Items from a dataset:

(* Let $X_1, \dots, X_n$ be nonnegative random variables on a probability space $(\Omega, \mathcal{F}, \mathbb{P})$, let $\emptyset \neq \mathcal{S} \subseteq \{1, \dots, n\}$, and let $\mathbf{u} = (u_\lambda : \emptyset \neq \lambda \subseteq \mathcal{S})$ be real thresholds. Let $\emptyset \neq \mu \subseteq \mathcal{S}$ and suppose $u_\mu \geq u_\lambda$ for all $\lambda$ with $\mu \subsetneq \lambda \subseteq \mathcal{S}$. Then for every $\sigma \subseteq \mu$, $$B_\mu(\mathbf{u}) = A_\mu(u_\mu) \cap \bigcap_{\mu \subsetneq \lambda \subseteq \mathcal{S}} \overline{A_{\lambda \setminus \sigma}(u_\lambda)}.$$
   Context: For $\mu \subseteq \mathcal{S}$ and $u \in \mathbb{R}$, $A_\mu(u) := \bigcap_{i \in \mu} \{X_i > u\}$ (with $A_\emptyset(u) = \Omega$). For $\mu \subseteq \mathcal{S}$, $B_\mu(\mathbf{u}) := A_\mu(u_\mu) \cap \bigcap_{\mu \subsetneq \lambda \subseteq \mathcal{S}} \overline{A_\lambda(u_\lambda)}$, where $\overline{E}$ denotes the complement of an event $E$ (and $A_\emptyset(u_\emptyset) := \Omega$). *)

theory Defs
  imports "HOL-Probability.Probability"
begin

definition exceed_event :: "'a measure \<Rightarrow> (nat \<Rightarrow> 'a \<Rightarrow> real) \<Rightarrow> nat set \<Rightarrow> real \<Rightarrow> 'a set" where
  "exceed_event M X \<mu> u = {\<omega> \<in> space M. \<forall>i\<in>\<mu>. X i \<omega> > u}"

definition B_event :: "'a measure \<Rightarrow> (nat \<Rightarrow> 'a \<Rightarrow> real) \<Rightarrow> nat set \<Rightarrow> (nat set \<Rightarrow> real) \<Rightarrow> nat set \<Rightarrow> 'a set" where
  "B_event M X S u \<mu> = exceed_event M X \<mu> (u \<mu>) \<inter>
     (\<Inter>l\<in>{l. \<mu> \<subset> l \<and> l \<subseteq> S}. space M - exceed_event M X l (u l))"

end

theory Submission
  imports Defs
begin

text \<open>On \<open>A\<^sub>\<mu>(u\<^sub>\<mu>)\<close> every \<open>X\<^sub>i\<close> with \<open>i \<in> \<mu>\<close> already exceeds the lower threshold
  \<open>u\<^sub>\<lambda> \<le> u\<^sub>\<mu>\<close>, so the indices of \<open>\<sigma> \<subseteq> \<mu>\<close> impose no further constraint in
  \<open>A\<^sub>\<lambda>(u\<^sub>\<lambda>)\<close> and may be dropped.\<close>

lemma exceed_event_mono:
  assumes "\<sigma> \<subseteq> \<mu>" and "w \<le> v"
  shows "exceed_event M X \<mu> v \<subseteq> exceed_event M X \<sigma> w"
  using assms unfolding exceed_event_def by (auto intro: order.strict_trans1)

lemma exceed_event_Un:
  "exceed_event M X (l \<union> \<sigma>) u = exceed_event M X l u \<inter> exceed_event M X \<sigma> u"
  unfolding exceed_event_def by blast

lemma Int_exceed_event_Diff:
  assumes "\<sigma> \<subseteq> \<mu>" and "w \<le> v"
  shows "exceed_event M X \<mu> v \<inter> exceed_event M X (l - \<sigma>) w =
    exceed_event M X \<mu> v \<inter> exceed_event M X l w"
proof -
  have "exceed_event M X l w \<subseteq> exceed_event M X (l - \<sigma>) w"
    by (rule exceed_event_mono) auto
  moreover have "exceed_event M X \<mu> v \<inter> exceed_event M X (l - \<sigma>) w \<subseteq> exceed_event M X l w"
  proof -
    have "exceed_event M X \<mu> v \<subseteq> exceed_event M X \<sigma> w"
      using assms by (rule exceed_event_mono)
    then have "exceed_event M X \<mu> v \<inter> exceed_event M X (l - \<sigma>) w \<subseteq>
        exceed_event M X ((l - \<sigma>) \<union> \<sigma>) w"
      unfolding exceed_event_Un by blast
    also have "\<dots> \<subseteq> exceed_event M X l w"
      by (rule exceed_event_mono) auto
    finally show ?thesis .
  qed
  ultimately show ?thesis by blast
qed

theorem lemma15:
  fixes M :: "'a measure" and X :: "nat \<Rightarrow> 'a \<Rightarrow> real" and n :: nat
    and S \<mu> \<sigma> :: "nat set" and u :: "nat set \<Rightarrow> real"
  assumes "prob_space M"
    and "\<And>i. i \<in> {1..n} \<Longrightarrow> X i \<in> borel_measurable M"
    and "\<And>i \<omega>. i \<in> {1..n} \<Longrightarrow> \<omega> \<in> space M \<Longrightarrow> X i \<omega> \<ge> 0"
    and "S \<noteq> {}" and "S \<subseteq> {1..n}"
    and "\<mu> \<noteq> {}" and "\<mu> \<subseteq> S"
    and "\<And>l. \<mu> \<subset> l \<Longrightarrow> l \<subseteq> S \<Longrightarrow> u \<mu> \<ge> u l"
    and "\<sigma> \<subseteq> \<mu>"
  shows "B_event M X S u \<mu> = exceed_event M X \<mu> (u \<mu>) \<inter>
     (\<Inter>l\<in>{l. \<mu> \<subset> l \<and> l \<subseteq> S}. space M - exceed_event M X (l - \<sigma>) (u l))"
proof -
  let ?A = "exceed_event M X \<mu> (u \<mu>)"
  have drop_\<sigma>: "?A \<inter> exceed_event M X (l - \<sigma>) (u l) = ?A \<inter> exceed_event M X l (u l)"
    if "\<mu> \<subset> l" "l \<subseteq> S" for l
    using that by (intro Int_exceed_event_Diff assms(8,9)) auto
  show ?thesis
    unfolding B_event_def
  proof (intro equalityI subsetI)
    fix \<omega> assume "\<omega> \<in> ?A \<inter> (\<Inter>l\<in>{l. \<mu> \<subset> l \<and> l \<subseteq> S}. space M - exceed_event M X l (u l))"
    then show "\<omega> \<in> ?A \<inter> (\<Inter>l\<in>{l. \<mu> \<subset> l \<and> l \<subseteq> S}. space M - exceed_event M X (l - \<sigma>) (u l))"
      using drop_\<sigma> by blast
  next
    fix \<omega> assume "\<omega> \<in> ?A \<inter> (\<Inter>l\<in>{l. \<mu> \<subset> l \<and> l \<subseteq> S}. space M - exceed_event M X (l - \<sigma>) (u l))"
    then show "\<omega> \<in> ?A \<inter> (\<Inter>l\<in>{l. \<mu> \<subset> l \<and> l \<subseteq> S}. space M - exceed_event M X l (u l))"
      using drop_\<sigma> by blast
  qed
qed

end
==
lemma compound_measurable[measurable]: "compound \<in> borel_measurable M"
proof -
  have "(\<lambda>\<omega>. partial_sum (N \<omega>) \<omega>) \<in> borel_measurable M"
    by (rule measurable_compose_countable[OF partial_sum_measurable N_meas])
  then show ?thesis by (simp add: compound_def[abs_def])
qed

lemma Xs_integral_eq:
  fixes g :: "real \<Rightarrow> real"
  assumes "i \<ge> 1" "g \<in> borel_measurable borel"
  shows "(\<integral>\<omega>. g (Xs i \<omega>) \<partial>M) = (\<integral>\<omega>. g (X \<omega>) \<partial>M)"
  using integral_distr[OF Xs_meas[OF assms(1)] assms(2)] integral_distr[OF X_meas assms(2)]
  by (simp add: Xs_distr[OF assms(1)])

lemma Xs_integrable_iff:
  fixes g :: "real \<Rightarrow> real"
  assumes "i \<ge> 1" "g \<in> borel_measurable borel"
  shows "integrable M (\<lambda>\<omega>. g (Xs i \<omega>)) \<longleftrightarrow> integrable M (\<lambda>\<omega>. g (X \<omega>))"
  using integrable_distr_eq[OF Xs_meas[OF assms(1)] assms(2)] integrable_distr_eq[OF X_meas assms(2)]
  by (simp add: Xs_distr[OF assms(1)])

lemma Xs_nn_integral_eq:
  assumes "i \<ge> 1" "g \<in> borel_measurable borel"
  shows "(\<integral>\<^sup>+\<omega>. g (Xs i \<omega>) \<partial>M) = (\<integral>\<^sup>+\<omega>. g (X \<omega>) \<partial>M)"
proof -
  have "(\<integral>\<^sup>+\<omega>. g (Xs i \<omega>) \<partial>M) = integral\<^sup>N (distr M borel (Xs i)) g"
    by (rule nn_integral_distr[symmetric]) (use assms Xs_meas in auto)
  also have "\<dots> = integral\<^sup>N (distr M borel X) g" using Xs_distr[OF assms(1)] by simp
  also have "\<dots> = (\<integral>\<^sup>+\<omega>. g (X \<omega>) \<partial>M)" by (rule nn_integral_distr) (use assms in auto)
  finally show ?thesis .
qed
...
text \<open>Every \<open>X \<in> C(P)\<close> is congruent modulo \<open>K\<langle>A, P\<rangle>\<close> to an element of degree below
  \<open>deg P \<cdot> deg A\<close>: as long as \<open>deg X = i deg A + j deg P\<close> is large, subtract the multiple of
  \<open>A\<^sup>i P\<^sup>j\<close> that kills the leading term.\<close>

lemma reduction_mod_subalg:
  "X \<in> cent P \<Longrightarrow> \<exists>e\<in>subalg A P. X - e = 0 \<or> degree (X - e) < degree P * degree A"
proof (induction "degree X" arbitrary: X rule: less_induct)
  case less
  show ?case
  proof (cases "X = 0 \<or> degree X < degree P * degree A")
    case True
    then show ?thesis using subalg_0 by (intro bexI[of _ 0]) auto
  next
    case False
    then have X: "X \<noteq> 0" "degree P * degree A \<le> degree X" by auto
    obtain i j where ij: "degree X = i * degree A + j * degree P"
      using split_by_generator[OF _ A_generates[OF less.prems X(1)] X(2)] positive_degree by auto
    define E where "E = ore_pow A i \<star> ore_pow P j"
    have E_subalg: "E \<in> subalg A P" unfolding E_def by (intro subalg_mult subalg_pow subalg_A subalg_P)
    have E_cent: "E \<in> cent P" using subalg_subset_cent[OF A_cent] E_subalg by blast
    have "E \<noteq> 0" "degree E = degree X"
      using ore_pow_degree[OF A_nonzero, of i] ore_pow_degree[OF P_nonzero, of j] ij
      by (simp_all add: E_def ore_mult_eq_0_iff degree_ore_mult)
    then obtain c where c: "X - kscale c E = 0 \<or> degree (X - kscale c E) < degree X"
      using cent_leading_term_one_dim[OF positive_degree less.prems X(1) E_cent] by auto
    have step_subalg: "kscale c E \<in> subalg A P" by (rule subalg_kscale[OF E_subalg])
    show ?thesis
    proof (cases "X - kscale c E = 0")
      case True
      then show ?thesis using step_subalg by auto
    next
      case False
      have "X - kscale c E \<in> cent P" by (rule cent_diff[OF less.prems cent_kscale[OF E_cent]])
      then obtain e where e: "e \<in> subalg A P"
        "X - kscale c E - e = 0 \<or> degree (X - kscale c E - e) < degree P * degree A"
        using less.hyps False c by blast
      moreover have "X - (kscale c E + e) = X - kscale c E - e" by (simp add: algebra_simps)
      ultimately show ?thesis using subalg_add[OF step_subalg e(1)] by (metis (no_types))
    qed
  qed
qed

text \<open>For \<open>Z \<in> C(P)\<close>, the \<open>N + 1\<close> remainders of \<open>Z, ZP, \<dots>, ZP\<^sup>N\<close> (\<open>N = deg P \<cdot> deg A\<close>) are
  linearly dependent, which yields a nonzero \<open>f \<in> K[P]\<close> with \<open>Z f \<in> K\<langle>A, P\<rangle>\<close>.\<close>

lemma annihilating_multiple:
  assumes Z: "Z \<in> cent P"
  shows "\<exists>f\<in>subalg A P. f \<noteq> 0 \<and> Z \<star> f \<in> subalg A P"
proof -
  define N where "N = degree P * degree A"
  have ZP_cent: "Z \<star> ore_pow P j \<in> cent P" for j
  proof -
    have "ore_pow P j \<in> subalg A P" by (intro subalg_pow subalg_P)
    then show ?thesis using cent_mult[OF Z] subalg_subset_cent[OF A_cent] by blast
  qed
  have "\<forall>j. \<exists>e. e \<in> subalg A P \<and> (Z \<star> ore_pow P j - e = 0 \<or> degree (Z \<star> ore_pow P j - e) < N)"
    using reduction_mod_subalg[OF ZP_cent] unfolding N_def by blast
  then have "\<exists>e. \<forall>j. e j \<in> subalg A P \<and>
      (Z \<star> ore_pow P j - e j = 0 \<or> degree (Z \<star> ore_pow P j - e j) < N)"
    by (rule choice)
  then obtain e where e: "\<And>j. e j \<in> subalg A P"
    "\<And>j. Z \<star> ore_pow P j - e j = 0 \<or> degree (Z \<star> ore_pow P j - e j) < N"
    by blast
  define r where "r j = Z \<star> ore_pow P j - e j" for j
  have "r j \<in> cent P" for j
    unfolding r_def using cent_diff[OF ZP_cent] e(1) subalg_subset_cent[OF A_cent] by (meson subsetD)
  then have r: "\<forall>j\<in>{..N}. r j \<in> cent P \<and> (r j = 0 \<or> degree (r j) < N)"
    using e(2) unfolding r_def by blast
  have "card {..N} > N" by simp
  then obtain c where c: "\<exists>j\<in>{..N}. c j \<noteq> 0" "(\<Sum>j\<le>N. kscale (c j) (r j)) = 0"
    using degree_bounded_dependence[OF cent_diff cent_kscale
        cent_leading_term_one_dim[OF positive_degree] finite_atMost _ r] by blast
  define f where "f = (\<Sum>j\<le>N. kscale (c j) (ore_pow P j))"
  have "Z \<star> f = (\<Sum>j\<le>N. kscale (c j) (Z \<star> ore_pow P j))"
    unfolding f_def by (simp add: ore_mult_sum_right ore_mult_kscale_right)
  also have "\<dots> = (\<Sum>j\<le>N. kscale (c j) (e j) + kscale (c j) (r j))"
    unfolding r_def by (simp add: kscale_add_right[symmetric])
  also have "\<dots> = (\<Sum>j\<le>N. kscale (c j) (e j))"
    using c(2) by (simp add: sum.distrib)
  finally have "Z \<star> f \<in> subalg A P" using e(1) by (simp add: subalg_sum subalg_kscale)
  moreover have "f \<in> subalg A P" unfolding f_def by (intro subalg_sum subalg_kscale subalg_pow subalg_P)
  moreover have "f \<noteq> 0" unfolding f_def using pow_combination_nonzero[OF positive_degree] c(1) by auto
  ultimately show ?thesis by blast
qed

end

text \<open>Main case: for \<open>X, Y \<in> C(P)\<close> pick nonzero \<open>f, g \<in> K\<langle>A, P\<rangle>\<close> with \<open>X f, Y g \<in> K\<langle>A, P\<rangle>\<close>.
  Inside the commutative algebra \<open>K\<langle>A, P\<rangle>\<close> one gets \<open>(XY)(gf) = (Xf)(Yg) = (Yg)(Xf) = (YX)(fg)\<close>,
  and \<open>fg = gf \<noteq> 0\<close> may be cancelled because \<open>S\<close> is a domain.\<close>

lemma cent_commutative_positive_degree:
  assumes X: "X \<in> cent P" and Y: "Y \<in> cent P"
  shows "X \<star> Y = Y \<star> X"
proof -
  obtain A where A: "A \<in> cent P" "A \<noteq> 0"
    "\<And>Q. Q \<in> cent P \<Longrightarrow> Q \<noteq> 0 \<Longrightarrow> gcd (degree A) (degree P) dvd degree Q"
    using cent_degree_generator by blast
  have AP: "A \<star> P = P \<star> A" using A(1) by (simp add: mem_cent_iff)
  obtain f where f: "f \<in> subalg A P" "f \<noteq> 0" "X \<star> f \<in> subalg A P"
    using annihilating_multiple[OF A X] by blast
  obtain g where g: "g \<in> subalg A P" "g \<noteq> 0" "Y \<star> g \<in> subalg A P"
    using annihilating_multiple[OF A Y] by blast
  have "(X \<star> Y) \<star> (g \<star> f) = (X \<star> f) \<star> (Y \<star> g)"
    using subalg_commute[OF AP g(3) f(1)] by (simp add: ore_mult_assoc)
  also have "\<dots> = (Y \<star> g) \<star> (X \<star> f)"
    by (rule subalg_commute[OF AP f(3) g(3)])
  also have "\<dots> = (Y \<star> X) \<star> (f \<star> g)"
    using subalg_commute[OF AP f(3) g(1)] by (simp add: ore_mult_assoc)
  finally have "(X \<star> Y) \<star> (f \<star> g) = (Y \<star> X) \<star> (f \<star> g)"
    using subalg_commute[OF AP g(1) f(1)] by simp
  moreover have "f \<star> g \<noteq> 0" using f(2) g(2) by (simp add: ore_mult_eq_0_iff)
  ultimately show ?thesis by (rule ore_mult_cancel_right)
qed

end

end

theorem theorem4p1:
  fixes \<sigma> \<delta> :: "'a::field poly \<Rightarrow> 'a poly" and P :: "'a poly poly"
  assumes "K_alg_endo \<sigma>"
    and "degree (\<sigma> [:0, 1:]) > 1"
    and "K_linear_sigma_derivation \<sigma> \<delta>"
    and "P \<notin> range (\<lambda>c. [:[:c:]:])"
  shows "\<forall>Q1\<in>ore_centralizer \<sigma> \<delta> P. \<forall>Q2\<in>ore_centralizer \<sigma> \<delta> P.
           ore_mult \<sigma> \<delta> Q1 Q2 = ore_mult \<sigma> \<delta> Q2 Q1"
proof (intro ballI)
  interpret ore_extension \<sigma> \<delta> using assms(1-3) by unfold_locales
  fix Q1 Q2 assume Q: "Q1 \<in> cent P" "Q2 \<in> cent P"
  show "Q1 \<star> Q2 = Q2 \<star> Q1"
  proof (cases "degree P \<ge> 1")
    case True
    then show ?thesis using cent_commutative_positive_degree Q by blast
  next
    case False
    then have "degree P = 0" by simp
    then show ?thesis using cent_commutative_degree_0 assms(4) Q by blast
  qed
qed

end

Task to carry out: Tally the lines of the data that contain the string "cases", and report nothing but the tally.

Exercise response: 3